Sunday, September 28, 2025

3 Short Paragraphs (Or Not): High Life

2018, Claire Denis (Un beau soleil intérieur) -- Amazon

I didn't get it. I didn't get the point. I didn't get the point of the movie, of their journey, of the choices on what human interactions were depicted in the movie. I feel dumb, I feel disconnected from an older intellect that, if not tangibly, would have felt a gut reaction to what I had watched, an inherent understanding of what the director had been trying to do here, even if I was not able to coherently say it out loud. 

I think that a lot these days -- what is the point, what was the point. I look back at my choices, my interactions, what I chose to do with my time and I wonder... why? I look at it right at this exact moment, where I watched a movie, and persevered to the end, only mildly entertained, and I wonder why. Why am I watching movies that don't excite me, why am I writing about movies without the enthusiastic desire to do so, why do I fill my queues with movies that stagnate until I wonder why I added them. So many why's that only have one banal answer -- because. Just because. I rage at the dying light, seeing fewer days ahead of me than behind, wondering if I will be filling those days with more value. I don't really have to wonder -- value will be overwhelmed by just because, because that is life. My life. What I choose.

In some ways, dude, that is exactly what the characters in the movie are going through. Some ways. Not much of it.

Kent's point in watching this movie was that he was filling his holidays off with a bunch of movies over seven days. That was the point, enjoying the sheer ability to cram the experiences into the short time period. I get that, that is one of the reasons we (Marmy and me, not Kent and I) do out "31 Days of ...", for the enjoyment of consumption for consumption's sake, for over-exposure, for over-saturation. Because some things are fun, just for fun's sake. He liked this movie much more than I did.

High Life is a space movie in three acts, about a crew of criminals sent into deep space, a journey from which they will not return, to a black hole, to do... experiments, for some reason. Act one is the introduction to Monte (Robert Pattinson, The Batman), a lone survivor with a baby. Act two revisits the journey, the crew of misfits, the experiments onboard and how the baby Willow comes about. Act three, which is very brief, have Monte and Willow, now a teenager, coming to the climax of their journey. Act two dominates the movie, and to be entirely honest, I did not like it, at all.

Even just writing this, I recall why watched this movie. In my head there is an unwritten story about a lone astronaut. It is a tale of space and purpose and technology, but for the most part it is about loneliness and isolation. So, any opportunity to see someone else explore this idea, I am onboard with. And, I like seeing how other creators explore space ships and technology, through practical effects, high & low budgets. This one was very much in the low budget.

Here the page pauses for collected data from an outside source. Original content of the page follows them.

lemma conjugate_scaled_le_elastic:
  assumes "filterlim U at_top at_top" "0 < \<mu>"
  obtains K1 K2 where "0 \<le> K1" "0 \<le> K2" "\<And>z. 0 < z \<Longrightarrow> V (\<mu> * z) \<le> K1 * \<bar>V z\<bar> + K2"
proof -
  obtain g x0 where g: "0 < g" "g < 1" "0 < x0" "\<And>x. x0 \<le> x \<Longrightarrow> 0 < U x"
      "\<And>x x'. x0 \<le> x \<Longrightarrow> x \<le> x' \<Longrightarrow> U x' \<le> (x' / x) powr g * U x"
    using U_powr_growth[OF assms(1)] by blast
  text \<open>Stretching the argument by \<open>s\<close> multiplies \<open>U\<close> by at most \<open>s powr g \<le> \<mu> s\<close>.\<close>
  define s where "s = max 1 ((1 / \<mu>) powr (1 / (1 - g)))"
  have s1: "1 \<le> s" by (simp add: s_def)
  have "1 / \<mu> = ((1 / \<mu>) powr (1 / (1 - g))) powr (1 - g)"
    using g assms by (simp add: powr_powr)
  also have "\<dots> \<le> s powr (1 - g)"
    using g by (intro powr_mono2) (auto simp: s_def)
  finally have "s powr g * (1 / \<mu>) \<le> s powr g * s powr (1 - g)"
    by (intro mult_left_mono) auto
  also have "\<dots> = s" using s1 by (simp add: powr_add[symmetric])
  finally have sg: "s powr g \<le> \<mu> * s" using assms by (simp add: field_simps)
  have "V (\<mu> * z) \<le> (\<mu> * s) * \<bar>V z\<bar> + \<bar>U (s * x0)\<bar>" if z: "0 < z" for z
  proof (rule conjugate_le)
    fix x :: real assume x: "0 < x"
    have nonneg: "0 \<le> (\<mu> * s) * \<bar>V z\<bar>" using assms s1 by simp
    show "U x - x * (\<mu> * z) \<le> (\<mu> * s) * \<bar>V z\<bar> + \<bar>U (s * x0)\<bar>"
    proof (cases "x \<le> s * x0")
      case True
      have "0 < x * (\<mu> * z)" using x assms z by simp
      then show ?thesis using U_mono[OF x True] nonneg by linarith
    next
      case False
      define x' where "x' = x / s"
      have x': "x0 \<le> x'" "x' \<le> x" "x = s * x'" "x / x' = s"
        using False s1 x by (auto simp: x'_def field_simps)
      have "U x \<le> s powr g * U x'" using g(5)[OF x'(1,2)] x'(4) by simp
      also have "\<dots> \<le> (\<mu> * s) * U x'" using sg g(4)[OF x'(1)] by (intro mult_right_mono) auto
      finally have "U x - x * (\<mu> * z) \<le> (\<mu> * s) * (U x' - x' * z)"
        by (simp add: x'(3) algebra_simps)
      also have "\<dots> \<le> (\<mu> * s) * \<bar>V z\<bar>"
        using conjugate_ge[OF z, of x'] x'(1) g(3) assms s1
        by (intro mult_left_mono) auto
      finally show ?thesis by simp
    qed
  qed (use assms z in simp)
  with that[of "\<mu> * s" "\<bar>U (s * x0)\<bar>"] assms s1 show ?thesis by simp
qed
text \<open>T_i : W \<rightarrow> W^*, [v,w] = sum_i T_i(v)(w) z_i; elements of W^* are given by their
  values on the basis e_0..e_(m-1) of W (i.e. coordinates in the dual basis lambda_j).\<close>
definition Tmap :: "nat \<Rightarrow> nat \<Rightarrow> (nat \<Rightarrow> nat \<Rightarrow> nat \<Rightarrow> 'k::field_char_0)
    \<Rightarrow> nat \<Rightarrow> (nat \<Rightarrow> 'k) \<Rightarrow> nat \<Rightarrow> 'k" where
  "Tmap m p C i v = (\<lambda>b. lbr (m + p) C (Wpart m v) (unitv b) (m + i))"

text \<open>[lambda,mu]^* (v) = lambda(v_1) mu(v_2) where delta_1(v) = v_1 wedge v_2 (pairing of
  lambda tensor mu with the tensor delta_1(v)); result as W^* coordinates.\<close>
definition dual_br :: "nat \<Rightarrow> (nat \<Rightarrow> nat \<Rightarrow> nat \<Rightarrow> 'k::field_char_0)
    \<Rightarrow> (nat \<Rightarrow> 'k) \<Rightarrow> (nat \<Rightarrow> 'k) \<Rightarrow> nat \<Rightarrow> 'k" where
  "dual_br m D l \<mu> = (\<lambda>a. \<Sum>b<m. \<Sum>c<m. l b * \<mu> c * cob m (delta1 m D) (unitv a) b c)"

text \<open>S_j : W^* \<rightarrow> W = W^**, [lambda,mu]^* = sum_j S_j(mu)(lambda) lambda_j, with lambda_j the
  dual basis of e_0..e_(m-1). S_j(mu) is given by its coordinates S_j(mu)(lambda_b).\<close>
definition Smap :: "nat \<Rightarrow> (nat \<Rightarrow> nat \<Rightarrow> nat \<Rightarrow> 'k::field_char_0)
    \<Rightarrow> nat \<Rightarrow> (nat \<Rightarrow> 'k) \<Rightarrow> nat \<Rightarrow> 'k" where
  "Smap m D j \<mu> = (\<lambda>b. dual_br m D (unitv b) \<mu> j)"

end

theory Submission
  imports Defs
begin

text \<open>For central z the cocycle identity reduces to x.delta(z) = 0, because ad z = 0. Taking
  x = e_s in W and reading off the z-by-W component, each column of the Lambda^2 W part of delta(z)
  is a vector of W whose brackets with W vanish; as W meets the center trivially, that part is
  zero. So the W-block of the co-Jacobi identity for delta only involves delta_1, which is
  therefore co-Jacobi itself. If moreover delta(z) lies in Lambda^2 z, the z-by-W component of
  delta[e_s, e_t] = 0 yields an exchange law between the T_i and delta_1; together with the
  antisymmetry of both, three exchanges carry T_k S_j T_i around to - T_i S_j T_k.\<close>

lemma sum_unitv_mult [simp]: "(\<Sum>a'<N. unitv a a' * f a') = (if a < N then f a else 0)"
proof -
  have "(\<Sum>a'<N. unitv a a' * f a') = (\<Sum>a'<N. if a' = a then f a' else 0)"
    by (rule sum.cong) (auto simp: unitv_def)
  then show ?thesis by simp
qed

The ship's depiction is interesting -- its just a big box with engines and the number 7 on the side. That implies six failed missions before. There is just one crew member, the captain, who has to punch his biometric driven code into the computer system once a day or... well, everything will power down. So, no thoughts of mutiny here, well, until he has a stroke and one of the prisoners, who is also the lead scientist experimenting on the criminals, realizes she can cut out that biometric code trigger and others can pretend to be him. The ship's hallways are not the usual octagonal or metal lattice work dominated conduits, just hallways, with doors, a few air locks and only a bit of greebles to make it scifi. The best part of the depiction is the garden, a massive wild structure just utterly overgrown with green -- they obviously have that science perfected and it feeds them well. It seems everyone has a purpose on the ship, but that doesn't stop them from eventually allowing their little society to break down, killing each other, until only Monte is left. Because, humans are the worst.

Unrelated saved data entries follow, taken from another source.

(* Let $\mathcal{H}$ be a hypertree whose basic sets are $B_1,\dots,B_m$, and let $T$ be a tree with vertex set $V(\mathcal{H})$. Then $T$ is a host tree of $\mathcal{H}$ if and only if $E(T)=\bigcup_{i=1}^m E_i$, where $E_i$ is $B_i$-admissible for each $1\le i\le m$.
   Context: A hypergraph $\mathcal{H}$ has a finite vertex set $V(\mathcal{H})$ and a finite family of nonempty subsets (edges). A host tree is a tree on $V(\mathcal{H})$ in which every edge induces a connected subgraph; a hypertree is a hypergraph with a host tree. For $V'\subseteq V(\mathcal{H})$, $I_\mathcal{H}(V')$ is the intersection of all edges containing $V'$, or $V(\mathcal{H})$ if none does. For $A\subseteq V(\mathcal{H})$, $\overline{\mathcal{H}_A}$ is the hypergraph on $V(\mathcal{H})$ whose edges are the edges of $\mathcal{H}$ not containing $A$. The 2-section of a hypergraph is the graph on its vertices where two distinct vertices are adjacent iff some edge contains both. A union of sets is connected if the intersection graph of the sets is connected. $Comp(\mathcal{H})$ is the hypergraph without repeated edges on $V(\mathcal{H})$ whose edges are $V(\mathcal{H})$, all singletons, and all proper subsets obtainable from edges of $\mathcal{H}$ by repeated nonempty intersections and connected unions; a basic set is an edge of $Comp(\mathcal{H})$ with more than one vertex that is not a connected union of strictly smaller edges of $Comp(\mathcal{H})$. For a basic set $B$: $A(B)$ is the set of connected components of the 2-section of $\overline{\mathcal{H}_B}$ that contain at least one vertex of $B$; $\Delta(B)$ is the set of pairs $uv$ with $u,v\in B$ lying in different connected components of the 2-section of $\overline{\mathcal{H}_B}$. A collection $E\subseteq\Delta(B)$ is $B$-admissible if the graph $\Gamma_{B,E}$ with vertex set $A(B)$, having for each $e\in E$ an edge between the components of $A(B)$ containing the two endpoints of $e$, is a tree. *)

theory Defs
  imports Main
begin

definition reach :: "'a set set \<Rightarrow> 'a \<Rightarrow> 'a \<Rightarrow> bool" where
  "reach E u v \<longleftrightarrow> (u, v) \<in> {(x, y). {x, y} \<in> E}\<^sup>*"

definition connected_on :: "'a set \<Rightarrow> 'a set set \<Rightarrow> bool" where
  "connected_on S E \<longleftrightarrow> S \<noteq> {} \<and>
     (\<forall>u\<in>S. \<forall>v\<in>S. reach {e \<in> E. e \<subseteq> S} u v)"

definition graph_edges_on :: "'a set \<Rightarrow> 'a set set" where
  "graph_edges_on V = {{u, v} | u v. u \<in> V \<and> v \<in> V \<and> u \<noteq> v}"

definition is_tree :: "'a set \<Rightarrow> 'a set set \<Rightarrow> bool" where
  "is_tree V T \<longleftrightarrow> T \<subseteq> graph_edges_on V \<and> connected_on V T \<and>
     (\<forall>e\<in>T. \<not> connected_on V (T - {e}))"

definition component :: "'a set \<Rightarrow> 'a set set \<Rightarrow> 'a \<Rightarrow> 'a set" where
  "component V E v = {w \<in> V. reach {e \<in> E. e \<subseteq> V} v w}"

definition hypergraph :: "'a set \<Rightarrow> 'a set set \<Rightarrow> bool" where
  "hypergraph V H \<longleftrightarrow> finite V \<and> (\<forall>e\<in>H. e \<noteq> {} \<and> e \<subseteq> V)"

definition host_tree :: "'a set \<Rightarrow> 'a set set \<Rightarrow> 'a set set \<Rightarrow> bool" where
  "host_tree V H T \<longleftrightarrow> is_tree V T \<and> (\<forall>e\<in>H. connected_on e T)"

definition hypertree :: "'a set \<Rightarrow> 'a set set \<Rightarrow> bool" where
  "hypertree V H \<longleftrightarrow> hypergraph V H \<and> (\<exists>T. host_tree V H T)"

definition connected_family :: "'a set set \<Rightarrow> bool" where
  "connected_family F \<longleftrightarrow> F \<noteq> {} \<and>
     (\<forall>A\<in>F. \<forall>B\<in>F. (A, B) \<in> {(X, Y). X \<in> F \<and> Y \<in> F \<and> X \<inter> Y \<noteq> {}}\<^sup>*)"

inductive_set gen_sets :: "'a set set \<Rightarrow> 'a set set" for H where
  edge: "e \<in> H \<Longrightarrow> e \<in> gen_sets H"
| inter: "A \<in> gen_sets H \<Longrightarrow> B \<in> gen_sets H \<Longrightarrow> A \<inter> B \<noteq> {} \<Longrightarrow> A \<inter> B \<in> gen_sets H"
| union: "(\<forall>A\<in>F. A \<in> gen_sets H) \<Longrightarrow> connected_family F \<Longrightarrow> \<Union>F \<in> gen_sets H"

definition Comp :: "'a set \<Rightarrow> 'a set set \<Rightarrow> 'a set set" where
  "Comp V H = {V} \<union> {{v} | v. v \<in> V} \<union> {S \<in> gen_sets H. S \<subset> V}"

definition basic_set :: "'a set \<Rightarrow> 'a set set \<Rightarrow> 'a set \<Rightarrow> bool" where
  "basic_set V H B \<longleftrightarrow> B \<in> Comp V H \<and> card B > 1 \<and>
     \<not> (\<exists>F \<subseteq> {C \<in> Comp V H. C \<subset> B}. connected_family F \<and> \<Union>F = B)"

definition Hbar :: "'a set set \<Rightarrow> 'a set \<Rightarrow> 'a set set" where
  "Hbar H A = {e \<in> H. \<not> A \<subseteq> e}"

definition two_section :: "'a set \<Rightarrow> 'a set set \<Rightarrow> 'a set set" where
  "two_section V H = {{u, v} | u v. u \<in> V \<and> v \<in> V \<and> u \<noteq> v \<and> (\<exists>e\<in>H. u \<in> e \<and> v \<in> e)}"

definition A_comps :: "'a set \<Rightarrow> 'a set set \<Rightarrow> 'a set \<Rightarrow> 'a set set" where
  "A_comps V H B = {component V (two_section V (Hbar H B)) v | v. v \<in> B}"

definition Delta :: "'a set \<Rightarrow> 'a set set \<Rightarrow> 'a set \<Rightarrow> 'a set set" where
  "Delta V H B = {{u, v} | u v. u \<in> B \<and> v \<in> B \<and>
      component V (two_section V (Hbar H B)) u \<noteq> component V (two_section V (Hbar H B)) v}"

definition Gamma_edge :: "'a set \<Rightarrow> 'a set set \<Rightarrow> 'a set \<Rightarrow> 'a set \<Rightarrow> 'a set set" where
  "Gamma_edge V H B e = (\<lambda>v. component V (two_section V (Hbar H B)) v) ` e"

text \<open>Gamma_{B,E} is a multigraph (one edge per element of E); it is a tree iff
  distinct elements of E give distinct edges (no parallel edges) and the resulting
  simple graph is a tree.\<close>
definition admissible :: "'a set \<Rightarrow> 'a set set \<Rightarrow> 'a set \<Rightarrow> 'a set set \<Rightarrow> bool" where
  "admissible V H B E \<longleftrightarrow> E \<subseteq> Delta V H B \<and>
     inj_on (Gamma_edge V H B) E \<and> is_tree (A_comps V H B) (Gamma_edge V H B ` E)"

end

(*
  If T is a host tree, every member of Comp(H) is a subtree of T, since subtrees of a tree are
  closed under nonempty intersections and connected unions. For a basic set B, the traces on B
  of the components of the 2-section of Hbar_B are then subtrees as well; contracting them turns
  the subtree T[B] into a tree on A(B) whose edges come from T \<inter> \<Delta>(B), so these sets are
  admissible. Every edge xy of T lies in \<Delta>(B) for a smallest member B of Comp(H) containing
  x and y, and such a B is basic.

  Conversely, given admissible sets E_B inside T, induction on |C| shows that every C in Comp(H)
  is connected in T: a non-basic C is a connected union of smaller members, and for a basic B the
  traces are smaller members of Comp(H) which the tree \<Gamma>(B, E_B) links together through
  edges of T. That a basic set meets at least two components uses the existence of some host
  tree.
*)
theory Submission
  imports Defs "HOL-Library.Transitive_Closure_Table"
begin

section \<open>Reachability and connected sets\<close>

lemma reach_rtranclp: "reach E u v \<longleftrightarrow> (\<lambda>x y. {x, y} \<in> E)\<^sup>*\<^sup>* u v"
  unfolding reach_def by (simp add: rtranclp_rtrancl_eq)

lemma reach_refl [simp]: "reach E u u"
  by (simp add: reach_rtranclp)

lemma reach_edge: "{u, v} \<in> E \<Longrightarrow> reach E u v"
  unfolding reach_rtranclp by (rule r_into_rtranclp)

lemma reach_trans: "reach E u v \<Longrightarrow> reach E v w \<Longrightarrow> reach E u w"
  unfolding reach_rtranclp by (rule rtranclp_trans)

lemma reach_sym: "reach E u v \<Longrightarrow> reach E v u"
  using symp_rtranclp[of "\<lambda>x y. {x, y} \<in> E"]
  unfolding reach_rtranclp by (auto simp: symp_def insert_commute)

lemma reach_induct [consumes 1, case_names base step]:
  assumes "reach E a b" "P a" "\<And>y z. reach E a y \<Longrightarrow> {y, z} \<in> E \<Longrightarrow> P y \<Longrightarrow> P z"
  shows "P b"
  using assms(1) unfolding reach_rtranclp
proof (induction rule: rtranclp_induct)
  case base
  then show ?case using assms(2) by simp
next
  case (step y z)
  then show ?case using assms(3) reach_rtranclp by metis
qed

lemma reach_hom:
  assumes "reach E u v" and "\<And>x y. {x, y} \<in> E \<Longrightarrow> reach E' (f x) (f y)"
  shows "reach E' (f u) (f v)"
  using assms(1) by (induction rule: reach_induct) (auto intro: reach_trans assms(2))

lemma reach_mono:
  assumes "reach E u v" "E \<subseteq> E'"
  shows "reach E' u v"
  using reach_hom[where f = "\<lambda>x. x", OF assms(1)] assms(2) by (blast intro: reach_edge)

lemma reach_last_edge:
  assumes "reach E u v" "u \<noteq> v"
  obtains y where "reach E u y" "{y, v} \<in> E" "y \<noteq> v"
proof -
  have "v = u \<or> (\<exists>y. reach E u y \<and> {y, v} \<in> E \<and> y \<noteq> v)"
    using assms(1)
  proof (induction rule: reach_induct)
    case (step y z)
    then show ?case by (cases "y = z") auto
  qed simp
  then show ?thesis using assms(2) that by blast
qed

lemma reach_image_contract:
  assumes "reach G u v" and "\<And>x y. {x, y} \<in> G \<Longrightarrow> f x = f y \<or> {x, y} \<in> E"
  shows "reach ((`) f ` E) (f u) (f v)"
proof (rule reach_hom[OF assms(1)])
  fix x y assume "{x, y} \<in> G"
  show "reach ((`) f ` E) (f x) (f y)"
  proof (cases "f x = f y")
    case False
    then have "{x, y} \<in> E" using assms(2) \<open>{x, y} \<in> G\<close> by blast
    then have "f ` {x, y} \<in> (`) f ` E" by (rule imageI)
    then show ?thesis by (simp add: reach_edge)
  qed simp
qed

lemma reach_lift:
  assumes "reach ((`) f ` E) (f u) (f v)" "u \<in> S" "v \<in> S"
    and edges: "\<And>e. e \<in> E \<Longrightarrow> \<exists>a b. e = {a, b} \<and> a \<in> S \<and> b \<in> S \<and> reach G a b"
    and fibres: "\<And>w w'. w \<in> S \<Longrightarrow> w' \<in> S \<Longrightarrow> f w = f w' \<Longrightarrow> reach G w w'"
  shows "reach G u v"
proof -
  have "\<forall>w\<in>S. f w = Z \<longrightarrow> reach G u w" if "reach ((`) f ` E) (f u) Z" for Z
    using that
  proof (induction rule: reach_induct)
    case base
    show ?case using fibres[OF \<open>u \<in> S\<close>] by metis
  next
    case (step Y Z)
    obtain e where e: "e \<in> E" "{Y, Z} = f ` e" using step(2) by blast
    obtain a b where "e = {a, b}" and ab: "a \<in> S" "b \<in> S" "reach G a b"
      using edges[OF e(1)] by blast
    then have ab_image: "{Y, Z} = {f a, f b}" using e(2) by simp
    show ?case
    proof (intro ballI impI)
      fix w assume w: "w \<in> S" "f w = Z"
      from ab_image consider "f a = Y" "f b = Z" | "f a = Z" "f b = Y"
        by (auto simp: doubleton_eq_iff)
      then show "reach G u w"
      proof cases
        case 1
        then have "reach G u a" "reach G b w" using step(3) ab(1,2) fibres w by auto
        then show ?thesis by (meson reach_trans ab(3))
      next
        case 2
        then have "reach G u b" "reach G a w" using step(3) ab(1,2) fibres w by auto
        then show ?thesis by (meson reach_trans reach_sym ab(3))
      qed
    qed
  qed
  then show ?thesis using assms(1,3) by blast
qed

lemma connected_on_singleton: "connected_on {v} E"
  unfolding connected_on_def by simp

lemma connected_on_reach:
  assumes "connected_on S E" "u \<in> S" "v \<in> S" "{e \<in> E. e \<subseteq> S} \<subseteq> E'"
  shows "reach E' u v"
proof -
  have "reach {e \<in> E. e \<subseteq> S} u v" using assms(1-3) unfolding connected_on_def by blast
  then show ?thesis using assms(4) by (rule reach_mono)
qed

lemma connected_on_iff_reach:
  assumes "\<And>e. e \<in> E \<Longrightarrow> e \<subseteq> S"
  shows "connected_on S E \<longleftrightarrow> S \<noteq> {} \<and> (\<forall>u\<in>S. \<forall>v\<in>S. reach E u v)"
proof -
  have "{e \<in> E. e \<subseteq> S} = E" using assms by blast
  then show ?thesis unfolding connected_on_def by simp
qed

lemma connected_family_Union_trans:
  assumes "connected_family F" "\<And>A u v. A \<in> F \<Longrightarrow> u \<in> A \<Longrightarrow> v \<in> A \<Longrightarrow> R u v"
    and "\<And>x y z. R x y \<Longrightarrow> R y z \<Longrightarrow> R x z"
    and "u \<in> \<Union>F" "v \<in> \<Union>F"
  shows "R u v"
proof -
  obtain A B where AB: "A \<in> F" "B \<in> F" "u \<in> A" "v \<in> B" using assms(4,5) by auto
  have "(A, B) \<in> {(X, Y). X \<in> F \<and> Y \<in> F \<and> X \<inter> Y \<noteq> {}}\<^sup>*"
    using assms(1) AB unfolding connected_family_def by blast
  then have "\<forall>w\<in>B. R u w"
  proof (induction rule: rtrancl_induct)
    case base
    then show ?case using assms(2) AB by blast
  next
    case (step Y Z)
    then show ?case using assms(2,3) by blast
  qed
  then show "R u v" using AB by blast
qed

This middle act is dominated by the experiments the scientist Dibs (Juliette Binoche, Ghost in the Shell) is performing on them. She is obsessed with reproduction, despite being a child killer herself, and collects semen whenever the men masturbate. And then forces the women to become impregnated. But all the children are dying. The whole segment is uncomfortably intimate and visual, replacing alluring (which typical Hollywood would attempt to seduce us via) with disturbing. Only Monte seems distanced from it all, as he chooses abstinence over interaction. Until he is drugged and raped by Dibs, and she uses it, along with Boyse (Mia Goth, Pearl) the angriest of the women, to create Willow. All of it leading to her birth is so ... unsavoury.

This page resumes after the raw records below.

lemma coercive_estimate:
  obtains \<mu> M where "\<mu> > 0" and "M \<ge> 0"
    and "\<And>w. w \<in> V \<Longrightarrow> \<mu> * (norm (A w))\<^sup>2 \<le> norm (gr (T w)) * norm (gr w) + M * (norm w)\<^sup>2"
proof -
  obtain \<mu> where \<mu>: "\<mu> > 0" "\<And>x. \<mu> * (norm x)\<^sup>2 \<le> Re (cinner (a x) x)"
    using a_coercive by auto
  obtain M where M: "M \<ge> 0" "\<And>x. norm (m x) \<le> M * norm x"
    using bounded_clinear_bound[OF m_bounded] by blast
  have est: "\<mu> * (norm (A w))\<^sup>2 \<le> norm (gr (T w)) * norm (gr w) + M * (norm w)\<^sup>2" if w: "w \<in> V" for w
  proof -
    have "Re (cinner (gr (T w)) (gr w)) = Re (cinner (a (A w)) (A w)) + Re (cinner (m w) w)"
      by (simp add: cinner_gr_T w)
    moreover have "Re (cinner (gr (T w)) (gr w)) \<le> norm (gr (T w)) * norm (gr w)"
      by (rule Re_cinner_le)
    moreover have "- Re (cinner (m w) w) \<le> M * (norm w)\<^sup>2"
    proof -
      have "- Re (cinner (m w) w) \<le> norm (m w) * norm w"
        using abs_Re_le_cmod[of "cinner (m w) w"] norm_cinner_le[of "m w" w] by linarith
      also have "\<dots> \<le> M * norm w * norm w"
        using M(2) by (simp add: mult_right_mono)
      finally show ?thesis
        by (simp add: power2_eq_square mult.assoc)
    qed
    ultimately show ?thesis
      using \<mu>(2)[of "A w"] by linarith
  qed
  show ?thesis
    by (rule that[OF \<mu>(1) M(1) est])
qed
lemma scaleR_blk: "c *\<^sub>R blk A B C D = blk (c *\<^sub>R A) (c *\<^sub>R B) (c *\<^sub>R C) (c *\<^sub>R D)"
  by (simp add: vec_eq_iff blk_def split: sum.split)

lemma blk_diff: "blk A B C D - blk A' B' C' D' = blk (A - A') (B - B') (C - C') (D - D')"
  by (simp add: vec_eq_iff blk_def split: sum.split)

lemma blk11_blk [simp]: "blk11 (blk A B C D) = A"
  by (simp add: vec_eq_iff blk_def blk11_def)

lemma psd_Qmat_minus_Sigma0:
  fixes K :: "real^'n::finite^'m::finite" and P0 :: "real^'n^'n" and Hp Hn :: "real^'m^'m"
  assumes Hp: "psd Hp" and Hn: "psd Hn" and Pn: "psd (P0 - transpose K ** Hn ** K)"
  shows "psd (Qmat P0 K (Hp - Hn) - Sigma0 K ((1/2) *\<^sub>R Hp))"
proof -
  let ?T0 = "(1/2::real) *\<^sub>R Hp"
  define M where "M = blk ((1/2) *\<^sub>R (P0 + transpose K ** (Hp - Hn) ** K))
    (- (transpose K ** ?T0)) (- (?T0 ** K)) ((1/2) *\<^sub>R (Hp + Hn))"
  have sym_Hp: "sym_mat Hp" and sym_Hn: "sym_mat Hn"
    using Hp Hn unfolding psd_def by auto
  then have sym_P0: "transpose P0 = P0"
    using Pn sym_mat_conj[of Hn K] unfolding psd_def sym_mat_def by (simp add: transpose_diff)
  have D: "(1/2::real) *\<^sub>R (- (Hp - Hn)) - - (2 *\<^sub>R ?T0) = (1/2) *\<^sub>R (Hp + Hn)"
    by (simp add: vec_eq_iff field_simps)
  have "Qmat P0 K (Hp - Hn) - Sigma0 K ?T0 = M"
    unfolding M_def Qmat_def Sigma0_def scaleR_blk blk_diff D by simp
  moreover have "sym_mat M"
    using sym_Hp sym_Hn unfolding M_def sym_mat_def transpose_blk
    by (simp add: transpose_scalar transpose_add transpose_diff transpose_uminus matrix_transpose_mul
        matrix_mul_assoc sym_P0)
  moreover have "0 \<le> z \<bullet> (M *v z)" for z
  proof -
    define x where "x = (\<chi> a. z $ Inl a)"
    define w where "w = (\<chi> b. z $ Inr b)"
    have "z \<bullet> (M *v z) = (1/2) * (x \<bullet> ((P0 - transpose K ** Hn ** K) *v x)
        + (K *v x - w) \<bullet> (Hp *v (K *v x - w)) + w \<bullet> (Hn *v w))"
      using inner_mv_sym[OF sym_Hp, of "K *v x" w]
      unfolding M_def inner_blk_mv x_def[symmetric] w_def[symmetric] quadratic_form_diff[OF sym_Hp]
      by (simp add: matrix_vector_mult_add_rdistrib matrix_vector_mult_diff_rdistrib inner_add_right
          inner_diff_right scaleR_matrix_vector_assoc[symmetric] uminus_mv
          matrix_vector_mul_assoc[symmetric] inner_transpose_mv quadratic_form_conj algebra_simps
          del: transpose_matrix_vector)
    moreover have "0 \<le> x \<bullet> ((P0 - transpose K ** Hn ** K) *v x)"
      "0 \<le> (K *v x - w) \<bullet> (Hp *v (K *v x - w))" "0 \<le> w \<bullet> (Hn *v w)"
      using Hp Hn Pn unfolding psd_def by blast+
    ultimately show ?thesis
      by simp
  qed
  ultimately show ?thesis
    unfolding psd_def by simp
qed

lemma linear_growth_of_homogeneous:
  fixes q l :: "'a::euclidean_space \<Rightarrow> real"
  assumes "continuous_on UNIV q" "continuous_on UNIV l"
    and q_hom: "\<And>c x. q (c *\<^sub>R x) = c\<^sup>2 * q x"
    and l_hom: "\<And>c x. 0 \<le> c \<Longrightarrow> l (c *\<^sub>R x) = c * l x"
    and q_nonneg: "\<And>x. 0 \<le> q x" and pos: "\<And>x. x \<noteq> 0 \<Longrightarrow> 0 < q x + l x"
  shows "\<exists>m>0. \<forall>x. 1 \<le> norm x \<longrightarrow> m * norm x \<le> q x + l x"
proof -
  have "continuous_on (sphere 0 1) (\<lambda>x. q x + l x)"
    using assms(1,2) by (intro continuous_intros) (auto intro: continuous_on_subset)
  then obtain v where v: "v \<in> sphere 0 1"
    and v_min: "\<And>u. u \<in> sphere 0 1 \<Longrightarrow> q v + l v \<le> q u + l u"
    using continuous_attains_inf[OF compact_sphere, of 0 1 "\<lambda>x. q x + l x"]
    by (auto simp: sphere_eq_empty)
  have "(q v + l v) * norm x \<le> q x + l x" if "1 \<le> norm x" for x
  proof -
    define u where "u = (1 / norm x) *\<^sub>R x"
    have x: "x = norm x *\<^sub>R u"
      using that by (simp add: u_def)
    have "norm x \<le> (norm x)\<^sup>2"
      using that by (simp add: power2_eq_square mult_le_cancel_left1)
    then have "norm x * q u \<le> (norm x)\<^sup>2 * q u"
      using q_nonneg by (rule mult_right_mono)
    moreover have "q v + l v \<le> q u + l u"
      using that by (intro v_min) (auto simp: u_def)
    then have "(q v + l v) * norm x \<le> (q u + l u) * norm x"
      by (simp add: mult_right_mono)
    ultimately show ?thesis
      by (subst (1 2) x) (simp add: q_hom l_hom algebra_simps)
  qed
  moreover have "0 < q v + l v"
    using v by (intro pos) auto
  ultimately show ?thesis
    by blast
qed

If there was any relief to this act, it was in recollection of act one. Monte's caring for Willow is true and obvious. They still have a long number of years until they arrive at their destination so he is going to keep her alive and happy as well as he can. And he does. The final act has her as a teenager, but once again, I wonder what the point of this final, and very final, act was. I can postulate and come up with all kinds of story telling formulaic ideals, but I am still left wondering why and what was the whole value to the story that is told.